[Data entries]
>>>
(* Let $L\ge 1$ be an integer, let $\sigma^2>0$, and let $\bm{a}:[-1,1]\times[-1,1]\to\mathbb{C}^L$ be a function satisfying $\|\bm{a}(\omega,\mu)\|^2=L$ for all $(\omega,\mu)$. For parameters $x>0$, $\lambda\in[0,1]$, $(\omega,\mu)\in[-1,1]^2$ and $\psi\in[0,2\pi)$, consider the complex Gaussian density on $\mathbb{C}^L$ $$f(\bm{y}\mid x,\lambda,\omega,\mu,\psi)=\frac{1}{(\pi\epsilon^2)^L}\exp\!\Big(-\frac{\|\bm{y}-x\lambda\,\bm{a}(\omega,\mu)e^{\mathrm{j}\psi}\|^2}{\epsilon^2}\Big),\qquad \epsilon^2=x^2(1-\lambda^2)+\sigma^2,$$ i.e. the density of $\mathcal{CN}\big(x\lambda\bm{a}(\omega,\mu)e^{\mathrm{j}\psi},\,\epsilon^2\bm{I}_L\big)$. Fix an observation $\bm{y}\in\mathbb{C}^L$ and write $\bar{\bm{y}}=\bm{y}/\sqrt{L}$ and $\bar{\bm{a}}(\omega,\mu)=\bm{a}(\omega,\mu)/\sqrt{L}$. Let $(\omega_1^*,\mu_1^* )$ be a maximizer of $(\omega,\mu)\mapsto|\bar{\bm{y}}^H\bar{\bm{a}}(\omega,\mu)|^2$ over $[-1,1]^2$, assume $\bar{\bm{y}}^H\bar{\bm{a}}(\omega_1^*,\mu_1^* )\neq 0$, and set $\Xi^*=\|\bar{\bm{y}}\|^2-|\bar{\bm{y}}^H\bar{\bm{a}}(\omega_1^*,\mu_1^* )|^2-\sigma^2$. Define $x_1^*>0$, $\lambda_1^*\in[0,1]$ and $\psi^*$ by $$(x_1^* )^2=\begin{cases}\|\bar{\bm{y}}\|^2-\sigma^2,&\Xi^*\ge 0,\\ |\bar{\bm{y}}^H\bar{\bm{a}}(\omega_1^*,\mu_1^* )|^2,&\Xi^*<0,\end{cases}\qquad (\lambda_1^* )^2=\begin{cases}\dfrac{|\bar{\bm{y}}^H\bar{\bm{a}}(\omega_1^*,\mu_1^* )|^2}{\|\bar{\bm{y}}\|^2-\sigma^2},&\Xi^*\ge 0,\\ 1,&\Xi^*<0,\end{cases}$$ $$e^{-\mathrm{j}\psi^*}=\frac{\bar{\bm{y}}^H\bar{\bm{a}}(\omega_1^*,\mu_1^* )}{|\bar{\bm{y}}^H\bar{\bm{a}}(\omega_1^*,\mu_1^* )|}.$$ Then $(x_1^*,\lambda_1^*,\omega_1^*,\mu_1^*,\psi^* )$ maximizes $\ln f(\bm{y}\mid x,\lambda,\omega,\mu,\psi)$ over all $x>0$, $\lambda\in[0,1]$, $(\omega,\mu)\in[-1,1]^2$, $\psi\in[0,2\pi)$.
   Context: This is the maximum-likelihood estimation of the unknown parameters of a ground-to-air Rician channel under the hypothesis that the received (matched-filtered) training signal comes from an unknown attacker: $\bm{y}=x\,(\lambda\bm{a}(\omega,\mu)+\sqrt{1-\lambda^2}\,\bm{h})e^{\mathrm{j}\psi}+\bm{n}$ with $\bm{h}\sim\mathcal{CN}(\bm{0},\bm{I}_L)$ and $\bm{n}\sim\mathcal{CN}(\bm{0},\sigma^2\bm{I}_L)$ independent, which gives the density above. Here $\bm{a}(\omega,\mu)$ is the array steering vector, $\lambda=\sqrt{1/(1+\kappa)}$ with $\kappa$ the Rician factor, $x$ is the received amplitude, $\psi$ a phase rotation, and $(\cdot)^H$ denotes conjugate transpose. *)

theory Defs
  imports "HOL-Analysis.Analysis"
begin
<<<
**Exercise goal:** Type out the records again exactly, line for line.

**Solved exercise:**
(* Let $L\ge 1$ be an integer, let $\sigma^2>0$, and let $\bm{a}:[-1,1]\times[-1,1]\to\mathbb{C}^L$ be a function satisfying $\|\bm{a}(\omega,\mu)\|^2=L$ for all $(\omega,\mu)$. For parameters $x>0$, $\lambda\in[0,1]$, $(\omega,\mu)\in[-1,1]^2$ and $\psi\in[0,2\pi)$, consider the complex Gaussian density on $\mathbb{C}^L$ $$f(\bm{y}\mid x,\lambda,\omega,\mu,\psi)=\frac{1}{(\pi\epsilon^2)^L}\exp\!\Big(-\frac{\|\bm{y}-x\lambda\,\bm{a}(\omega,\mu)e^{\mathrm{j}\psi}\|^2}{\epsilon^2}\Big),\qquad \epsilon^2=x^2(1-\lambda^2)+\sigma^2,$$ i.e. the density of $\mathcal{CN}\big(x\lambda\bm{a}(\omega,\mu)e^{\mathrm{j}\psi},\,\epsilon^2\bm{I}_L\big)$. Fix an observation $\bm{y}\in\mathbb{C}^L$ and write $\bar{\bm{y}}=\bm{y}/\sqrt{L}$ and $\bar{\bm{a}}(\omega,\mu)=\bm{a}(\omega,\mu)/\sqrt{L}$. Let $(\omega_1^*,\mu_1^* )$ be a maximizer of $(\omega,\mu)\mapsto|\bar{\bm{y}}^H\bar{\bm{a}}(\omega,\mu)|^2$ over $[-1,1]^2$, assume $\bar{\bm{y}}^H\bar{\bm{a}}(\omega_1^*,\mu_1^* )\neq 0$, and set $\Xi^*=\|\bar{\bm{y}}\|^2-|\bar{\bm{y}}^H\bar{\bm{a}}(\omega_1^*,\mu_1^* )|^2-\sigma^2$. Define $x_1^*>0$, $\lambda_1^*\in[0,1]$ and $\psi^*$ by $$(x_1^* )^2=\begin{cases}\|\bar{\bm{y}}\|^2-\sigma^2,&\Xi^*\ge 0,\\ |\bar{\bm{y}}^H\bar{\bm{a}}(\omega_1^*,\mu_1^* )|^2,&\Xi^*<0,\end{cases}\qquad (\lambda_1^* )^2=\begin{cases}\dfrac{|\bar{\bm{y}}^H\bar{\bm{a}}(\omega_1^*,\mu_1^* )|^2}{\|\bar{\bm{y}}\|^2-\sigma^2},&\Xi^*\ge 0,\\ 1,&\Xi^*<0,\end{cases}$$ $$e^{-\mathrm{j}\psi^*}=\frac{\bar{\bm{y}}^H\bar{\bm{a}}(\omega_1^*,\mu_1^* )}{|\bar{\bm{y}}^H\bar{\bm{a}}(\omega_1^*,\mu_1^* )|}.$$ Then $(x_1^*,\lambda_1^*,\omega_1^*,\mu_1^*,\psi^* )$ maximizes $\ln f(\bm{y}\mid x,\lambda,\omega,\mu,\psi)$ over all $x>0$, $\lambda\in[0,1]$, $(\omega,\mu)\in[-1,1]^2$, $\psi\in[0,2\pi)$.
   Context: This is the maximum-likelihood estimation of the unknown parameters of a ground-to-air Rician channel under the hypothesis that the received (matched-filtered) training signal comes from an unknown attacker: $\bm{y}=x\,(\lambda\bm{a}(\omega,\mu)+\sqrt{1-\lambda^2}\,\bm{h})e^{\mathrm{j}\psi}+\bm{n}$ with $\bm{h}\sim\mathcal{CN}(\bm{0},\bm{I}_L)$ and $\bm{n}\sim\mathcal{CN}(\bm{0},\sigma^2\bm{I}_L)$ independent, which gives the density above. Here $\bm{a}(\omega,\mu)$ is the array steering vector, $\lambda=\sqrt{1/(1+\kappa)}$ with $\kappa$ the Rician factor, $x$ is the received amplitude, $\psi$ a phase rotation, and $(\cdot)^H$ denotes conjugate transpose. *)

theory Defs
  imports "HOL-Analysis.Analysis"
begin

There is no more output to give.